In a story that reads like a Disney tale, a baby turtle has survived a perilous journey from the USA to Ireland.
The young Loggerhead turtle was found by Cormac de Róstie and his daughters on a beach in Ireland. She was beached upside down when they discovered her, and suffering from hypothermia due to exposure to the cold water.
The de Róstie family rang around and found Kevin Flannery, the director of Dingle Oceanworld Aquarium. He made a 12 hour round-trip to pick the young turtle up.
The Loggerhead was named Cróga, the Gaelic word for brave. And Cróga must have been brave to have made the trip thousands of miles from where she was supposed to be.
Loggerhead turtles usually hatch in southeastern US states, such as Florida and the Carolinas- it is South Carolina’s official state reptile.
A few days after hatching, the turtles make their way to the Gulf Stream- a major ocean current that sweeps northward along the southeastern United States coast.
The warm current is the ideal place for these young turtles, and allows them a sort of turtle playground. Here, the turtles take shelter in floating seaweed, and they grow and develop for several years before migrating elsewhere.
Road to recovery
When Cróga was found she weighed only 1 pound (0.45kg) and the size of a dinner plate. A Loggerhead turtle of a similar age will usually weigh around 45 to 90 pounds (20.4 kg to 40.8 kg), according to Flannery.
To give Cróga a fighting chance of survival Flannery, who is also a marine biologist, had to work fast.

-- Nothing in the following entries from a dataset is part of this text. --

(* Let $F,\theta \geq 1$ be integers and let $\eta_0(x)$, $x \in \mathbb{Z}$, be i.i.d. uniform on $\{0,1\}^F$. For each edge $e = (x,x+1)$ let $\zeta_0(e) = H(\eta_0(x),\eta_0(x+1))$, let $(X_e)_e$ be random variables which, conditionally on $\eta_0$, are independent with $X_e$ Bernoulli with success probability $1 - \zeta_0(e)/F$, and set $\phi(e) = -\zeta_0(e)$ if $\zeta_0(e) \leq \theta$ and $\phi(e) = \zeta_0(e) + 2(X_e - \theta)$ if $\zeta_0(e) > \theta$. Then there exist $C_1 < \infty$ and $c_1 > 0$ such that for all $\epsilon > 0$ and all $N \geq 1$, $$P\Big(\sum_{e \in (-N,0)} \phi(e) \leq N(E\phi(e) - \epsilon)\Big) \leq C_1 \exp(-c_1 N \epsilon^2).$$
   Context: $H(u,v) = \#\{i : u_i \neq v_i\}$ is the Hamming distance on $\{0,1\}^F$. Edges $(x,x+1)$ of $\mathbb{Z}$ are identified with their midpoints $x+1/2$, so $e \in (-N,0)$ ranges over the $N$ edges $(x,x+1)$ with $x = -N,\ldots,-1$. $E\phi(e)$ does not depend on $e$. *)

theory Defs
  imports "HOL-Probability.Probability"
begin

text \<open>Configurations in {0,1}^F are represented as boolean lists of length F.\<close>

definition configs :: "nat \<Rightarrow> bool list set" where
  "configs F = {v. length v = F}"

definition hamming :: "nat \<Rightarrow> bool list \<Rightarrow> bool list \<Rightarrow> nat" where
  "hamming F u v = card {i. i < F \<and> u ! i \<noteq> v ! i}"

definition zeta0 :: "nat \<Rightarrow> (int \<Rightarrow> bool list) \<Rightarrow> int \<Rightarrow> nat" where
  "zeta0 F \<eta> x = hamming F (\<eta> x) (\<eta> (x + 1))"

text \<open>phi of the edge (x, x+1); X x is the Bernoulli variable attached to that edge.\<close>
definition phi :: "nat \<Rightarrow> nat \<Rightarrow> (int \<Rightarrow> bool list) \<Rightarrow> (int \<Rightarrow> bool) \<Rightarrow> int \<Rightarrow> real" where
  "phi F \<theta> \<eta> X x =
     (if zeta0 F \<eta> x \<le> \<theta> then - real (zeta0 F \<eta> x)
      else real (zeta0 F \<eta> x) + 2 * (of_bool (X x) - real \<theta>))"

text \<open>This is the finite-dimensional marginal of the
  full model; everything else is irrelevant for the event considered.\<close>
definition model :: "nat \<Rightarrow> nat \<Rightarrow> ((int \<Rightarrow> bool list) \<times> (int \<Rightarrow> bool)) pmf" where
  "model F N =
     do { \<eta> \<leftarrow> Pi_pmf {- int N .. 0} [] (\<lambda>_. pmf_of_set (configs F));
          X \<leftarrow> Pi_pmf {- int N .. -1} False
                 (\<lambda>x. bernoulli_pmf (1 - real (zeta0 F \<eta> x) / real F));
          return_pmf (\<eta>, X) }"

He injected the reptile with saline to rehydrate her, and raised her body temperature slowly over several days to avoid shock.

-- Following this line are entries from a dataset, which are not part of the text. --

theorem theorem4p2:
  fixes t0 :: real and \<mu> :: "nat \<Rightarrow> complex measure" and r :: nat and n :: "nat \<Rightarrow> nat"
    and \<tau> :: complex and X :: "complex \<Rightarrow> complex"
  assumes borel: "\<And>j. j < r \<Longrightarrow> sets (\<mu> j) = sets borel"
    and fin: "\<And>j. j < r \<Longrightarrow> finite_measure (\<mu> j)"
    and circ: "\<And>j. j < r \<Longrightarrow> emeasure (\<mu> j) (UNIV - sphere 0 1) = 0"
    and inf_supp: "\<And>j. j < r \<Longrightarrow> infinite (msupport (\<mu> j))"
    and normal: "phi_normal t0 \<mu> r n"
    and tau: "cmod \<tau> = 1"
    and para: "paraorth t0 \<mu> r n \<tau> X"
    and nonzero: "X \<noteq> (\<lambda>_. 0)"
    and normal_mod: "\<And>\<phi>. 0 \<le> \<phi> \<Longrightarrow> \<phi> < 2 * pi \<Longrightarrow>
        phi_normal t0 (\<lambda>j. density (\<mu> j) (\<lambda>z. ennreal (4 * (sin ((Arg z - \<phi>) / 2))\<^sup>2))) r n"
  shows "\<forall>c. X = hsum t0 ((\<Sum>j<r. n j) + 1) c \<longrightarrow>
           (\<forall>z. cmod z = 1 \<and> poly (\<Sum>m\<le>(\<Sum>j<r. n j) + 1. monom (c m) m) z = 0 \<longrightarrow>
                order z (\<Sum>m\<le>(\<Sum>j<r. n j) + 1. monom (c m) m) = 1)"
proof (intro allI impI)
  fix c :: "nat \<Rightarrow> complex" and z0 :: complex
  let ?P = "\<Sum>m\<le>(\<Sum>j<r. n j) + 1. monom (c m) m"
  assume X: "X = hsum t0 ((\<Sum>j<r. n j) + 1) c" and z0: "cmod z0 = 1 \<and> poly ?P z0 = 0"
  have "?P \<noteq> 0"
    using hsum_eq_0_if_poly_eq_0 nonzero X by blast
  moreover have "\<not> [:- z0, 1:] ^ 2 dvd ?P"
  proof
    assume double_root: "[:- z0, 1:] ^ 2 dvd ?P"
    define \<phi> where "\<phi> = Arg2pi z0"
    have z0_cis: "z0 = cis \<phi>"
      using complex_norm_eq_1_exp[of z0] z0 by (simp add: \<phi>_def cis_conv_exp)
    have orth: "\<And>j l. j < r \<Longrightarrow> l < n j \<Longrightarrow> integral\<^sup>L (\<mu> j)
        (\<lambda>z. hsum t0 ((\<Sum>j<r. n j) + 1) c z * halfpow t0 (int (n j) - 1 - 2 * int l) z) = 0"
      using para by (simp add: paraorth_def X)
    have circle: "AE z in \<mu> j. cmod z = 1" if "j < r" for j
      using AE_on_circle borel circ that by blast
    from hsum_eq_0_if_double_root[OF borel fin circle orth
        normal_mod[OF Arg2pi_ge_0[of z0] Arg2pi_lt_2pi[of z0], folded \<phi>_def] double_root[unfolded z0_cis]]
    have "X = (\<lambda>_. 0)"
      by (simp add: X)
    with nonzero show False ..
  qed
  ultimately show "order z0 ?P = 1"
    using order_root[of ?P z0] order_divides[of z0 2 ?P] z0 by auto
qed

end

The cold water of Ireland would usually kill most Loggerhead turtles, as they are meant for much warmer climates. Flannery described how Cróga had survived against all odds:
“Usually, birds would have picked them off or a shark or something would have eaten it or the cold shock from the water would have killed it,” he said. “They would also die if washed up on rocks upside down. Being so tiny it’s an absolute miracle it survived.”
Since being in Flannery’s care Cróga has gained an additional 1.7 pounds.
“It’s quite voraciously feeding now,” Flannery said.
Cróga’s has since been joined by two additional Loggerhead turtles at the aquarium, who also washed up on beaches in Ireland. Once the turtles are well enough, they will be relocated by the Irish navy to the Mediterranean sea.
“The Irish Naval Service heading to the Mediterranean on humanitarian missions sometimes carry them down for us and release them into the water where the temperature is ideal,” Flannery said.
“This is where they spend their teenage years before drifting back to the Caribbean on the Caribbean current. When they are about 20 or 30 years of age the female goes ashore and lays her hatchlings.”